What to produce :: All lines of the listing that contain "induct" should be shown in full.

Provided data ::
text \<open>
  Fix z with |z - lam| = \<delta> and let R be the resolvent of an operator T at z. On an
  eigenvector with eigenvalue \<nu>, the operator (z - \<mu>) R - 1 acts as multiplication by
  (\<nu> - \<mu>) / (z - \<nu>), and on any v it equals R (T - \<mu>) v. For pure point spectrum this bounds
  the distance from v to the span of the eigenvectors whose eigenvalues keep that factor away
  from zero by a multiple of the norm of R (T - \<mu>) v. By the spectral gap 3\<delta>, a normalised
  eigenvector v of L_N with eigenvalue in the \<delta>-disc is thus within 2 norm (R_L (L - L_N) v)
  of the lam-eigenspace of L, and a normalised lam-eigenvector u of L is within
  2 norm (R_L_N (L - L_N) u) of the span of the eigenvectors of L_N with eigenvalues in the
  \<delta>-disc. By Bessel's inequality, if every member of an orthonormal system F lies within r of
  the span of an orthonormal system Q, then card F * (1 - r^2) \<le> card Q; once both defects
  are small, applying this to orthonormal bases of the two spectral subspaces in both directions
  forces their dimensions to agree.
\<close>

lemma cinner_add_left: "cinner (x + y) (z::'a::complex_inner) = cinner x z + cinner y z"
  by (metis cinner_commute cinner_add_right complex_cnj_add)

lemma cinner_scaleC_left: "cinner (a *\<^sub>C x) (y::'a::complex_inner) = cnj a * cinner x y"
  by (metis cinner_commute cinner_scaleC_right complex_cnj_mult complex_cnj_cnj)

lemma cinner_zero_right [simp]: "cinner x (0::'a::complex_inner) = 0"
  using cinner_add_right[of x 0 0] by simp

lemma cinner_zero_left [simp]: "cinner (0::'a::complex_inner) x = 0"
  using cinner_add_left[of 0 0 x] by simp

lemma cinner_diff_right: "cinner x (y - z::'a::complex_inner) = cinner x y - cinner x z"
  using cinner_add_right[of x "y - z" z] by (simp add: eq_diff_eq)

lemma cinner_sum_right: "cinner x (\<Sum>i\<in>I. f i::'a::complex_inner) = (\<Sum>i\<in>I. cinner x (f i))"
  by (induct I rule: infinite_finite_induct) (simp_all add: cinner_add_right)

lemma cinner_sum_left: "cinner (\<Sum>i\<in>I. f i::'a::complex_inner) x = (\<Sum>i\<in>I. cinner (f i) x)"
  by (induct I rule: infinite_finite_induct) (simp_all add: cinner_add_left)

lemma cinner_self_eq_0 [simp]: "cinner x x = 0 \<longleftrightarrow> (x::'a::complex_inner) = 0"
  by (simp add: cinner_norm)

lemma cinner_eq_0_commute: "cinner x y = 0 \<Longrightarrow> cinner y (x::'a::complex_inner) = 0"
  by (metis cinner_commute complex_cnj_zero)

lemma Re_cinner_self: "Re (cinner x (x::'a::complex_inner)) = (norm x)\<^sup>2"
  by (simp add: cinner_norm)

lemma norm_scaleC: "norm (a *\<^sub>C x) = cmod a * norm (x::'a::complex_inner)"
proof -
  have "(norm (a *\<^sub>C x))\<^sup>2 = Re (cnj a * a * cinner x x)"
    by (metis Re_cinner_self cinner_scaleC_left cinner_scaleC_right mult.assoc)
  also have "\<dots> = (cmod a * norm x)\<^sup>2"
    by (simp only: cinner_norm mult.commute[of "cnj a" a] complex_norm_square[symmetric]
          of_real_mult[symmetric] Re_complex_of_real power_mult_distrib)
  finally show ?thesis
    by (simp add: power2_eq_iff_nonneg)
qed

lemma pythagoras_cinner:
  assumes "cinner x y = 0"
  shows "(norm (x + y))\<^sup>2 = (norm x)\<^sup>2 + (norm (y::'a::complex_inner))\<^sup>2"
proof -
  have "cinner (x + y) (x + y) = cinner x x + cinner y y"
    using assms cinner_eq_0_commute[OF assms] by (simp add: cinner_add_left cinner_add_right)
  then show ?thesis
    by (metis Re_cinner_self plus_complex.sel(1))
qed

lemma pythagoras_sum:
  assumes "finite I" and "\<And>i j. i \<in> I \<Longrightarrow> j \<in> I \<Longrightarrow> i \<noteq> j \<Longrightarrow> cinner (f i) (f j) = 0"
  shows "(norm (\<Sum>i\<in>I. f i::'a::complex_inner))\<^sup>2 = (\<Sum>i\<in>I. (norm (f i))\<^sup>2)"
  using assms
proof (induct I rule: finite_induct)
  case (insert a I)
  have "cinner (f a) (\<Sum>i\<in>I. f i) = 0"
    using insert by (auto simp: cinner_sum_right intro!: sum.neutral)
  then show ?case
    using insert pythagoras_cinner[of "f a" "\<Sum>i\<in>I. f i"] by simp
qed simp

section \<open>Orthonormal systems and Bessel's inequality\<close>

definition orthonormal :: "'a::complex_inner set \<Rightarrow> bool" where
  "orthonormal Q \<longleftrightarrow> (\<forall>x\<in>Q. norm x = 1) \<and> (\<forall>x\<in>Q. \<forall>y\<in>Q. x \<noteq> y \<longrightarrow> cinner x y = 0)"

definition orth_proj :: "'a::complex_inner set \<Rightarrow> 'a \<Rightarrow> 'a" where
  "orth_proj Q x = (\<Sum>q\<in>Q. cinner q x *\<^sub>C q)"

lemma orthonormal_cinner_self: "orthonormal Q \<Longrightarrow> q \<in> Q \<Longrightarrow> cinner q q = 1"
  by (simp add: orthonormal_def cinner_norm)

lemma orthonormal_Un:
  assumes "orthonormal A" "orthonormal B" "\<And>a b. a \<in> A \<Longrightarrow> b \<in> B \<Longrightarrow> cinner a b = 0"
  shows "orthonormal (A \<union> B)" and "A \<inter> B = {}"
proof -
  show "orthonormal (A \<union> B)"
    using assms cinner_eq_0_commute by (auto simp: orthonormal_def)
  show "A \<inter> B = {}"
    using assms(3) orthonormal_cinner_self[OF assms(1)] by fastforce
qed

lemma span_Un_span: "cvs.span (cvs.span A \<union> cvs.span B) = cvs.span (A \<union> B)"
proof (rule subset_antisym)
  show "cvs.span (cvs.span A \<union> cvs.span B) \<subseteq> cvs.span (A \<union> B)"
    by (metis Un_least cvs.span_minimal cvs.span_mono cvs.subspace_span sup.cobounded1 sup.cobounded2)
  show "cvs.span (A \<union> B) \<subseteq> cvs.span (cvs.span A \<union> cvs.span B)"
    using cvs.span_superset[of A] cvs.span_superset[of B] by (intro cvs.span_mono) blast
qed

lemma cinner_orth_proj:
  assumes "orthonormal Q" "finite Q" "p \<in> Q"
  shows "cinner p (orth_proj Q x) = cinner p x"
proof -
  have "cinner p (orth_proj Q x) = (\<Sum>q\<in>Q. cinner q x * cinner p q)"
    by (simp add: orth_proj_def cinner_sum_right cinner_scaleC_right)
  also have "\<dots> = cinner p x * cinner p p"
  proof -
    have "cinner p q = 0" if "q \<in> Q - {p}" for q
      using assms(1,3) that unfolding orthonormal_def by auto
    then show ?thesis
      using assms(2,3) by (simp add: sum.remove[of _ p])
  qed
  finally show ?thesis
    using orthonormal_cinner_self[OF assms(1,3)] by simp
qed

lemma orth_proj_in_span: "orth_proj Q x \<in> cvs.span Q"
  unfolding orth_proj_def by (intro cvs.span_sum cvs.span_scale cvs.span_base)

Answer for the task ::
  by (induct I rule: infinite_finite_induct) (simp_all add: cinner_add_right)
  by (induct I rule: infinite_finite_induct) (simp_all add: cinner_add_left)
proof (induct I rule: finite_induct)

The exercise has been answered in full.